Former CSFB Silicon Valley investment banker Frank Quattrone was sentenced to 18 months in prison for obstructing a probe of how IPO stocks were doled out. The sentencing follows his obstruction conviction in May, which was largely based on an e-mail he sent underlings that encouraged them to obey document-management procedures that prosecutors alleged would have destroyed evidence sought by investigators.
The punishment was well above federal guidelines, which called for no more than 16 months, and from a probation department recommendation of 10 months, half on supervised release.
Mr. Quattrone, who is 48, is the highest-profile Wall Street figure to face prison since junk-bond king Michael Milken was given a 10-year sentence (later reduced) for alleged securities-fraud violations nearly a decade ago.
In handing down the sentence, U.S. District Judge Richard Owen granted a prosecution request to lengthen Mr. Quattrone’s sentence to between 15 and 21 months on the grounds that he had committed perjury when he testified at his trial. The judge based his decision on Mr. Quattrone’s denial before the jury that he intended to obstruct investigations by the Securities and Exchange Commission and a federal grand jury. Mr. Quattrone’s attorneys argued that the alleged perjury was not proved before a jury. But Judge Owen ruled that it was clear to him that Mr. Quattrone’s denial that he intended to obstruct justice was not true and commented that Mr. Quattrone could have avoided the perjury issue by not taking the witness stand.
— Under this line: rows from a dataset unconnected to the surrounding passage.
text \<open>
  By the integral representations, \<open>f(T) = tr A\<^sub>1 + \<integral> (1 - etr(-TU)) \<mu>\<^sub>1(dU)\<close> and likewise for \<open>g\<close>,
  so \<open>E{f(X\<^sub>1\<^sub>1) g(X\<^sub>2\<^sub>2)}\<close> splits into a constant, two terms that only depend on one marginal,
  and the mixed term \<open>\<integral>\<integral> E{(1 - etr(-U X\<^sub>1\<^sub>1)) (1 - etr(-V X\<^sub>2\<^sub>2))} \<mu>\<^sub>1(dU) \<mu>\<^sub>2(dV)\<close>.
  The marginal terms coincide for both pairs. For fixed \<open>U, V\<close> the mixed integrand is
  \<open>1 - etr(-U X\<^sub>1\<^sub>1) - etr(-V X\<^sub>2\<^sub>2) + etr(-U X\<^sub>1\<^sub>1) etr(-V X\<^sub>2\<^sub>2)\<close>, whose expectation the Laplace transform
  order bounds from below by the corresponding one for the starred pair, which factorises by
  independence. Tonelli's theorem integrates this bound over \<open>\<mu>\<^sub>1 \<otimes> \<mu>\<^sub>2\<close>.
\<close>

section \<open>Positive semidefinite matrices\<close>

lemma quadratic_nonneg_imp_discrim_le:
  fixes a b c :: real
  assumes nonneg: "\<And>t. 0 \<le> a + 2 * b * t + c * t\<^sup>2" and "0 \<le> c"
  shows "b\<^sup>2 \<le> a * c"
proof (cases "c = 0")
  case True
  have "b = 0"
  proof (rule ccontr)
    assume "b \<noteq> 0"
    then have "a + 2 * b * (- (a + 1) / (2 * b)) = -1" by (simp add: field_simps)
    then show False using nonneg[of "- (a + 1) / (2 * b)"] True by simp
  qed
  then show ?thesis using True by simp
next
  case False
  with \<open>0 \<le> c\<close> have "0 < c" by simp
  have "a + 2 * b * (- b / c) + c * (- b / c)\<^sup>2 = a - b\<^sup>2 / c"
    using \<open>0 < c\<close> by (simp add: field_simps power2_eq_square)
  then have "b\<^sup>2 / c \<le> a" using nonneg[of "- b / c"] by simp
  then show ?thesis using \<open>0 < c\<close> by (simp add: field_simps mult.commute)
qed
lemma total_cost_ge:
  fixes \<gamma> c :: real
  assumes "0 \<le> \<gamma>" "\<gamma> < 1" "0 \<le> P" "0 \<le> \<beta>" "\<And>i. 0 \<le> Cd i"
    and "\<And>n. 1 \<le> n \<Longrightarrow> c * (1 - \<gamma> ^ n) \<le> cycle_cost \<gamma> P \<beta> Cd n"
  shows "ennreal (\<gamma> * c) \<le> total_cost \<gamma> P \<beta> Cd N"
proof (rule LIMSEQ_le_const2)
  show "(\<lambda>T. ennreal (\<gamma> * c - \<gamma> ^ T * (\<beta> * P + \<gamma> * c))) \<longlonglongrightarrow> ennreal (\<gamma> * c)"
  proof -
    have "(\<lambda>T. \<gamma> ^ T) \<longlonglongrightarrow> 0"
      using assms(1,2) by (rule LIMSEQ_realpow_zero)
    then have "(\<lambda>T. \<gamma> ^ T * (\<beta> * P + \<gamma> * c)) \<longlonglongrightarrow> 0 * (\<beta> * P + \<gamma> * c)"
      by (rule tendsto_mult_right)
    then have "(\<lambda>T. \<gamma> * c - \<gamma> ^ T * (\<beta> * P + \<gamma> * c)) \<longlonglongrightarrow> \<gamma> * c - 0 * (\<beta> * P + \<gamma> * c)"
      by (rule tendsto_diff[OF tendsto_const])
    then show ?thesis
      by (intro tendsto_ennrealI) simp
  qed
  have "ennreal (\<gamma> * c - \<gamma> ^ T * (\<beta> * P + \<gamma> * c)) \<le> total_cost \<gamma> P \<beta> Cd N" for T
    unfolding total_cost_eq_SUP[OF assms(1,3-5)]
    by (rule SUP_upper2[of T]) (auto intro: ennreal_leI partial_cost_ge[OF assms(1,3-6)])
  then show "\<exists>M. \<forall>T\<ge>M. ennreal (\<gamma> * c - \<gamma> ^ T * (\<beta> * P + \<gamma> * c)) \<le> total_cost \<gamma> P \<beta> Cd N"
    by blast
qed

lemma periodic_total_cost_le:
  fixes \<gamma> c :: real
  assumes "periodic_publish n N" "0 < n"
    and "0 \<le> \<gamma>" "\<gamma> < 1" "0 \<le> P" "0 \<le> \<beta>" "\<And>i. 0 \<le> Cd i"
    and "c * (1 - \<gamma> ^ n) = cycle_cost \<gamma> P \<beta> Cd n"
  shows "total_cost \<gamma> P \<beta> Cd N \<le> ennreal (\<gamma> * c)"
  unfolding total_cost_eq_SUP[OF assms(3,5-7)]
  by (rule SUP_least) (rule ennreal_leI[OF periodic_partial_cost_le[OF assms]])
lemma SPB_increment_bound:
  assumes "SPB f R1 R2 m"
  shows "\<bar>f (x + v) - f x\<bar>
    \<le> (2 powr (real m - 1) * R1 * norm x ^ m + R2) * norm v + 2 powr (real m - 1) * R1 * norm v ^ (m + 1)"
proof -
  have R1: "R1 \<ge> 0" and lip: "loc_lipschitz f"
    and subgrad: "\<And>z \<zeta>. \<zeta> \<in> clarke_subdiff f z \<Longrightarrow> norm \<zeta> \<le> R1 * norm z ^ m + R2"
    using assms by (auto simp: SPB_def)
  have "\<bar>f (x + v) - f x\<bar> \<le> (R1 * (norm x + norm v) ^ m + R2) * dist x (x + v)"
  proof (rule clarke_mean_value_bound[OF lip])
    fix z \<zeta> assume z: "z \<in> closed_segment x (x + v)" and "\<zeta> \<in> clarke_subdiff f z"
    have "norm z \<le> norm x + norm (z - x)"
      by (metis add.commute diff_add_cancel norm_triangle_ineq)
    also have "norm (z - x) \<le> norm v"
      using segment_bound1[OF z] by simp
    finally have "R1 * norm z ^ m \<le> R1 * (norm x + norm v) ^ m"
      using R1 by (intro mult_left_mono power_mono) auto
    with subgrad[OF \<open>\<zeta> \<in> clarke_subdiff f z\<close>]
    show "norm \<zeta> \<le> R1 * (norm x + norm v) ^ m + R2" by simp
  qed
  also have "dist x (x + v) = norm v"
    by (simp add: dist_norm)
  also have "(R1 * (norm x + norm v) ^ m + R2) * norm v
      \<le> (2 powr (real m - 1) * R1 * (norm x ^ m + norm v ^ m) + R2) * norm v"
    using mult_left_mono[OF power_add_le_powr[of "norm x" "norm v" m] R1]
    by (intro mult_right_mono add_right_mono) (simp_all add: mult_ac)
  also have "\<dots> = (2 powr (real m - 1) * R1 * norm x ^ m + R2) * norm v
      + 2 powr (real m - 1) * R1 * norm v ^ (m + 1)"
    by (simp add: algebra_simps)
  finally show ?thesis .
qed

section \<open>Moments of the standard Gaussian\<close>

lemma power2_norm_eq_sum_Basis: "(norm u)\<^sup>2 = (\<Sum>b\<in>Basis. (u \<bullet> b)\<^sup>2)"
  for u :: "'a::euclidean_space"
  unfolding power2_norm_eq_inner by (subst euclidean_inner) (simp add: power2_eq_square)

lemma std_gaussian_density_eq_prod:
  "(2 * pi) powr (- real DIM('a) / 2) * exp (- (norm u)\<^sup>2 / 2)
     = (\<Prod>b\<in>Basis. std_normal_density (u \<bullet> b))"
  for u :: "'a::euclidean_space"
proof -
  have "(\<Prod>b\<in>Basis. std_normal_density (u \<bullet> b))
      = (1 / sqrt (2 * pi)) ^ DIM('a) * exp (\<Sum>b\<in>Basis. - (u \<bullet> b)\<^sup>2 / 2)"
    by (simp add: std_normal_density_def prod_dividef exp_sum power_one_over)
  also have "(1 / sqrt (2 * pi)) ^ DIM('a) = (2 * pi) powr (- real DIM('a) / 2)"
    by (simp add: powr_half_sqrt[symmetric] powr_minus_divide[symmetric] powr_realpow[symmetric] powr_powr)
  also have "(\<Sum>b\<in>Basis. - (u \<bullet> b)\<^sup>2 / 2) = - (norm u)\<^sup>2 / 2"
    by (simp add: power2_norm_eq_sum_Basis sum_negf sum_divide_distrib)
  finally show ?thesis by simp
qed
H’mm. A criminal defendant should not take the stand to defend himself from a criminal charges because he might commit another criminal offense that the judge will convict him of during sentencing without a trial? Let’s see how that proposition plays out on appeal.
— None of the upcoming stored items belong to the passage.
lemma mem_Delta_word: "(j, b) \<in> set (Delta_word m) \<Longrightarrow> b \<and> 1 \<le> j \<and> j < m"
  by (auto simp: Delta_word_def)

lemma braid_word_descending_word [simp]: "m < n \<Longrightarrow> braid_word n (descending_word m)"
  and braid_word_ascending_word [simp]: "m < n \<Longrightarrow> braid_word n (ascending_word m)"
  and braid_word_Delta_word [simp]: "m \<le> n \<Longrightarrow> braid_word n (Delta_word m)"
  by (auto simp: braid_word_def mem_descending_word mem_ascending_word dest: mem_Delta_word)

lemma braid_equiv_commute_far_letter:
  assumes "\<forall>(j, b) \<in> set w. b \<and> 1 \<le> j \<and> j + 2 \<le> k" and "1 \<le> k" and "k < n"
  shows "braid_equiv n (w @ [(k, True)]) ((k, True) # w)"
  using assms
proof (induction w)
  case Nil
  then show ?case by (simp add: braid_equiv.refl)
next
  case (Cons a w)
  then obtain j where a: "a = (j, True)" "1 \<le> j" "j + 2 \<le> k"
    by auto
  have "braid_equiv n ((j, True) # w @ [(k, True)]) ((j, True) # (k, True) # w)"
    using Cons a braid_equiv_append_left[of n "[(j, True)]"] by simp
  also have "braid_equiv n \<dots> ((k, True) # (j, True) # w)"
    by (rule braid_equiv_in_context[OF braid_equiv.comm[of j n k], of "[]" w])
      (use Cons a in \<open>auto simp: braid_word_def\<close>)
  finally show ?case
    using a by simp
qed

lemma descending_word_sigma:
  assumes "Suc (Suc m) < n"
  shows "braid_equiv n (descending_word (Suc (Suc m)) @ [(Suc (Suc m), True)])
                       ((Suc m, True) # descending_word (Suc (Suc m)))"
proof -
  have "braid_equiv n (descending_word m @ [(Suc (Suc m), True)]) ((Suc (Suc m), True) # descending_word m)"
    using assms by (intro braid_equiv_commute_far_letter) (auto simp: mem_descending_word)
  then have "braid_equiv n (descending_word (Suc (Suc m)) @ [(Suc (Suc m), True)])
      ((Suc (Suc m), True) # (Suc m, True) # (Suc (Suc m), True) # descending_word m)"
    using assms braid_equiv_append_left[of n "[(Suc (Suc m), True), (Suc m, True)]"] by simp
  also have "braid_equiv n \<dots> ((Suc m, True) # (Suc (Suc m), True) # (Suc m, True) # descending_word m)"
    using assms braid_equiv_append_right[OF braid_equiv.sym[OF braid_equiv.braid[of "Suc m" n]],
        of "descending_word m"] by simp
  finally show ?thesis
    by simp
qed

lemma ascending_word_sigma:
  assumes "Suc (Suc m) < n"
  shows "braid_equiv n (ascending_word (Suc (Suc m)) @ [(Suc m, True)])
                       ((Suc (Suc m), True) # ascending_word (Suc (Suc m)))"
proof -
  have "braid_equiv n (ascending_word (Suc (Suc m)) @ [(Suc m, True)])
      (ascending_word m @ [(Suc (Suc m), True), (Suc m, True), (Suc (Suc m), True)])"
    using assms braid_equiv_append_left[OF _ braid_equiv.braid[of "Suc m" n], of "ascending_word m"]
    by simp
  also have "braid_equiv n \<dots> ((Suc (Suc m), True) # ascending_word (Suc (Suc m)))"
  proof -
    have "braid_equiv n (ascending_word m @ [(Suc (Suc m), True)]) ((Suc (Suc m), True) # ascending_word m)"
      using assms by (intro braid_equiv_commute_far_letter) (auto simp: mem_ascending_word)
    then show ?thesis
      by (rule braid_equiv_in_context[of _ _ _ "[]" "[(Suc m, True), (Suc (Suc m), True)]"])
        (use assms in simp_all)
  qed
  finally show ?thesis .
qed

lemma ascending_word_Delta_word:
  "1 \<le> m \<Longrightarrow> m < n \<Longrightarrow> braid_equiv n (ascending_word m @ Delta_word m) (Delta_word (Suc m))"
proof (induction m rule: dec_induct)
  case base
  then show ?case by (simp add: Delta_word_Suc braid_equiv.refl)
next
  case (step m)
  have "braid_equiv n (Delta_word m @ [(Suc m, True)]) ((Suc m, True) # Delta_word m)"
    using step by (intro braid_equiv_commute_far_letter) (auto dest: mem_Delta_word)
  then have commute: "braid_equiv n ((Suc m, True) # Delta_word m) (Delta_word m @ [(Suc m, True)])"
    by (rule braid_equiv.sym)
  have "ascending_word (Suc m) @ Delta_word (Suc m)
      = ascending_word m @ ((Suc m, True) # Delta_word m) @ descending_word m"
    using step by (simp add: Delta_word_Suc)
  also have "braid_equiv n \<dots> (ascending_word m @ (Delta_word m @ [(Suc m, True)]) @ descending_word m)"
    by (rule braid_equiv.ctxt[OF commute]) (use step in simp_all)
  also have "\<dots> = (ascending_word m @ Delta_word m) @ (Suc m, True) # descending_word m"
    by simp
  also have "braid_equiv n \<dots> (Delta_word (Suc m) @ (Suc m, True) # descending_word m)"
    by (rule braid_equiv_append_right[OF step.IH]) (use step in simp_all)
  also have "\<dots> = Delta_word (Suc (Suc m))"
    using step by (simp add: Delta_word_Suc)
  finally show ?case .
qed

lemma Delta_word_sigma_last:
  "1 \<le> m \<Longrightarrow> m < n \<Longrightarrow> braid_equiv n (Delta_word (Suc m) @ [(m, True)]) ((1, True) # Delta_word (Suc m))"
proof (induction m rule: dec_induct)
  case base
  then show ?case by (simp add: Delta_word_Suc braid_equiv.refl)
next
  case (step m)
  then obtain j where m: "m = Suc j"
    by (cases m) auto
  have "Delta_word (Suc (Suc m)) @ [(Suc m, True)]
      = Delta_word (Suc m) @ (descending_word (Suc m) @ [(Suc m, True)])"
    using step by (simp add: Delta_word_Suc)
  also have "braid_equiv n \<dots> (Delta_word (Suc m) @ ((m, True) # descending_word (Suc m)))"
    using step descending_word_sigma[of j n] by (intro braid_equiv_append_left) (simp_all add: m)
  also have "\<dots> = (Delta_word (Suc m) @ [(m, True)]) @ descending_word (Suc m)"
    by simp
  also have "braid_equiv n \<dots> (((1, True) # Delta_word (Suc m)) @ descending_word (Suc m))"
    by (rule braid_equiv_append_right[OF step.IH]) (use step in simp_all)
  also have "\<dots> = (1, True) # Delta_word (Suc (Suc m))"
    using step by (simp add: Delta_word_Suc)
  finally show ?case .
qed

lemma Delta_word_sigma_first:
  "1 \<le> m \<Longrightarrow> m < n \<Longrightarrow> braid_equiv n (Delta_word (Suc m) @ [(1, True)]) ((m, True) # Delta_word (Suc m))"
proof (induction m rule: dec_induct)
  case base
  then show ?case by (simp add: Delta_word_Suc braid_equiv.refl)
next
  case (step m)
  then obtain j where m: "m = Suc j"
    by (cases m) auto
  have "braid_equiv n (Delta_word (Suc (Suc m)) @ [(1, True)])
      ((ascending_word (Suc m) @ Delta_word (Suc m)) @ [(1, True)])"
    using step ascending_word_Delta_word[of "Suc m" n]
    by (intro braid_equiv_append_right) (simp_all add: braid_equiv.sym)
  also have "\<dots> = ascending_word (Suc m) @ (Delta_word (Suc m) @ [(1, True)])"
    by simp
  also have "braid_equiv n \<dots> (ascending_word (Suc m) @ ((m, True) # Delta_word (Suc m)))"
    by (rule braid_equiv_append_left[OF _ step.IH]) (use step in simp_all)
  also have "\<dots> = (ascending_word (Suc m) @ [(m, True)]) @ Delta_word (Suc m)"
    by simp
  also have "braid_equiv n \<dots> (((Suc m, True) # ascending_word (Suc m)) @ Delta_word (Suc m))"
    using step ascending_word_sigma[of j n] by (intro braid_equiv_append_right) (simp_all add: m)
  also have "\<dots> = [(Suc m, True)] @ (ascending_word (Suc m) @ Delta_word (Suc m))"
    by simp
  also have "braid_equiv n \<dots> ([(Suc m, True)] @ Delta_word (Suc (Suc m)))"
    using step ascending_word_Delta_word[of "Suc m" n] by (intro braid_equiv_append_left) simp_all
  finally show ?case
    by simp
qed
At any rate, at least Judge Owen agreed to allow Mr. Quattrone to serve his time at the federal minimum-security prison camp in Lompoc, Calif. However, Judge Owen denied Mr. Quattrone’s request to remain free pending appeal and ordered him to surrender on October 28.
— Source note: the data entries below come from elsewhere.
text \<open>The prefix sums of \<open>rotate k xs\<close> are differences of prefix sums of the
  doubled word \<open>xs @ xs\<close>, whose second half lies one unit below the first.\<close>

lemma lukasiewicz_rotate_iff:
  assumes total: "sum_list xs = -1" and k: "k < length xs"
  defines "p s \<equiv> sum_list (take s xs)"
  shows "lukasiewicz (rotate k xs) \<longleftrightarrow>
    (\<forall>s<length xs. p k \<le> p s) \<and> (\<forall>s<k. p k < p s)"
proof -
  define n where "n = length xs"
  define q where "q s = sum_list (take s (xs @ xs))" for s
  have q_low: "q s = p s" if "s \<le> n" for s
    using that by (simp add: q_def p_def n_def)
  have q_high: "q (n + s) = p s - 1" if "s \<le> n" for s
    using that total by (simp add: q_def p_def n_def)
  have prefix: "sum_list (take t (rotate k xs)) = q (k + t) - q k" if "t \<le> n" for t
    using that k by (simp add: rotate_eq_take_drop_append_self q_def take_add n_def add.commute)
  have "sum_list (rotate k xs) = -1"
    using prefix[of n] q_low[of k] q_high[of k] k by (simp add: n_def add.commute)
  then have "lukasiewicz (rotate k xs) \<longleftrightarrow> (\<forall>t<n. q k \<le> q (k + t))"
    using prefix k by (auto simp: lukasiewicz_def n_def)
  also have "\<dots> \<longleftrightarrow> (\<forall>s. k \<le> s \<and> s < n \<longrightarrow> q k \<le> q s) \<and> (\<forall>s<k. q k \<le> q (n + s))"
    using k unfolding n_def by (rule all_less_shift_iff)
  also have "\<dots> \<longleftrightarrow> (\<forall>s. k \<le> s \<and> s < n \<longrightarrow> p k \<le> p s) \<and> (\<forall>s<k. p k < p s)"
    using k q_low q_high by (auto simp: n_def)
  also have "\<dots> \<longleftrightarrow> (\<forall>s<n. p k \<le> p s) \<and> (\<forall>s<k. p k < p s)"
    by (meson less_imp_le not_le)
  finally show ?thesis by (simp add: n_def)
qed

theorem cycle_lemma:
  assumes "sum_list xs = -1"
  shows "\<exists>!k. k < length xs \<and> lukasiewicz (rotate k xs)"
proof -
  have "xs \<noteq> []" using assms by auto
  have "k < length xs \<and> lukasiewicz (rotate k xs) \<longleftrightarrow> k < length xs
    \<and> (\<forall>s<length xs. sum_list (take k xs) \<le> sum_list (take s xs))
    \<and> (\<forall>s<k. sum_list (take k xs) < sum_list (take s xs))" for k
    using lukasiewicz_rotate_iff[OF assms] by blast
  then show ?thesis
    using ex1_least_argmin[of "length xs" "\<lambda>s. sum_list (take s xs)"] \<open>xs \<noteq> []\<close> by simp
qed

lemma card_filter_rotate:
  assumes len: "\<And>w. w \<in> S \<Longrightarrow> length w = n"
    and closed: "\<And>w k. w \<in> S \<Longrightarrow> rotate k w \<in> S"
    and "k < n"
  shows "card {w \<in> S. P (rotate k w)} = card {w \<in> S. P w}"
proof -
  have "inj (rotate k)"
    unfolding rotate_def by (intro inj_fn inj_rotate1)
  moreover have "rotate k ` {w \<in> S. P (rotate k w)} = {w \<in> S. P w}"
  proof (intro equalityI subsetI)
    fix v assume "v \<in> {w \<in> S. P w}"
    moreover have "rotate k (rotate (n - k) v) = v"
      using calculation len \<open>k < n\<close> by (simp add: rotate_rotate)
    ultimately show "v \<in> rotate k ` {w \<in> S. P (rotate k w)}"
      using closed by (metis (mono_tags, lifting) image_eqI mem_Collect_eq)
  qed (use closed in auto)
  ultimately show ?thesis
    by (metis card_image inj_on_subset subset_UNIV)
qed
A jury convicted Mr. Quattrone in May of obstructing a government investigation into how CSFB allocated shares of hot IPO stocks. Prosecutors charged that Mr. Quattrone obstructed the investigation when he forwarded a single e-mail to his subordinates advising them to clean-up files per the bank’s document-management policies soon after he learned about the federal grand-jury investigation. A first trial last October ended in a hung jury.
Mr. Quattrone still faces a possible lifetime ban from the securities industry under charges pending against him by the National Association of Securities Dealers and the SEC. His former firm CSFB paid $100 million in 2002, without admitting wrongdoing, to settle charges that the SEC and NASD had brought against the firm.